I also have read something to the effect of "faster uses almost double the processing power of veryfast" and similar for all other jumps.

Also, though I'm not sure which Rate Control option I should be using, I'm currently using CRF. (Also, what profile to use?)

*So the question is:*
What CRF ratings would one have to use to have a Superfast preset look as good as a Veryfast preset?
*Essentially, at what point should I jump to the next Preset instead of lowering my CRF further?*

An example comparison:
Superfast - 15 CRF
Veryfast - 17 CRF

If I appear to misunderstand anything about these settings, please let me know.
Thank you.


----------



## Harold (Aug 15, 2016)

If you're using crf based bitrate selection, the quality will remain the same consistently regardless of which preset you're using. Ultrafast and veryfast will look the same, except that veryfast will have a smaller filesize.

CRF based rate control is a quality target, not a bitrate target.


----------



## Tawm (Aug 15, 2016)

Harold said:


> If you're using crf based bitrate selection, the quality will remain the same consistently regardless of which preset you're using.
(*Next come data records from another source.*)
text \<open>On a set killed by X and invariant under Y and P, the relations make Y nilpotent; being
  self-adjoint it vanishes, and then so does P.\<close>

lemma invariant_kernel_annihilated:
  assumes X0: "\<And>w. w \<in> K \<Longrightarrow> X w = 0"
    and Y_inv: "\<And>w. w \<in> K \<Longrightarrow> Y w \<in> K" and P_inv: "\<And>w. w \<in> K \<Longrightarrow> P w \<in> K"
    and "w \<in> K"
  shows "Y w = 0" and "P w = 0"
proof -
  have "P (Y w) = 0"
    using X0[OF P_inv[OF \<open>w \<in> K\<close>]] by (simp add: XP)
  then have "Y (Y (Y w)) = 0"
    using PP[of "Y w"] XY by simp
  then have "Y (Y w) \<bullet> Y (Y w) = 0"
    using adjoint_Y[of "Y w" "Y (Y w)"] by simp
  then have "Y w \<bullet> Y w = 0"
    using adjoint_Y[of w "Y w"] by simp
  then show Yw: "Y w = 0"
    by simp
  have "P (P w) = 0"
    using PP[of w] X0[OF \<open>w \<in> K\<close>] Yw by simp
  then have "P w \<bullet> P w = 0"
    using adjoint_P[of w "P w"] by simp
  then show "P w = 0"
    by simp
qed

lemma orthonormal_with_partners:
  assumes h: "orthonormal_upto r h" and eig: "\<And>i. i < r \<Longrightarrow> X (h i) = lam i *\<^sub>R h i"
    and lam: "\<And>i. i < r \<Longrightarrow> lam i \<noteq> 0"
  shows "orthonormal_upto (2 * r) (\<lambda>i. if i < r then h i else partner (lam (i - r)) (h (i - r)))"
proof -
  let ?g = "\<lambda>i. partner (lam i) (h i)"
  have hh: "h i \<bullet> h j = (if i = j then 1 else 0)" if "i < r" "j < r" for i j
    using h that by (simp add: orthonormal_upto_def)
  have "?g i \<bullet> ?g j = (if i = j then 1 else 0)" and "h i \<bullet> ?g j = 0" and "?g j \<bullet> h i = 0"
    if "i < r" "j < r" for i j
    using partner_inner[OF eig[OF that(1)] lam[OF that(1)] eig[OF that(2)] lam[OF that(2)]] hh[OF that] lam[OF that(1)]
    by (auto simp: inner_commute)
  with hh show ?thesis
    unfolding orthonormal_upto_def by auto
qed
Ultrafast and veryfast will look the same, except that veryfast will have a smaller filesize.
> 
> CRF based rate control is a quality target, not a bitrate target.



That is very helpful! So I would be able to use Ultrafast, barely effect my CPU, and still have high quality with the only downfall of large file sizes.

Would you be able to tell me how the other Rate Control options would effect quality based on CPU Presets?


----------



## Harold (Aug 15, 2016)

The CBR bitrate control forces a bitrate on your video, ultrafast will look worse than veryfast assuming you're using a bitrate that's not high enough to maintain picture quality in ultrafast.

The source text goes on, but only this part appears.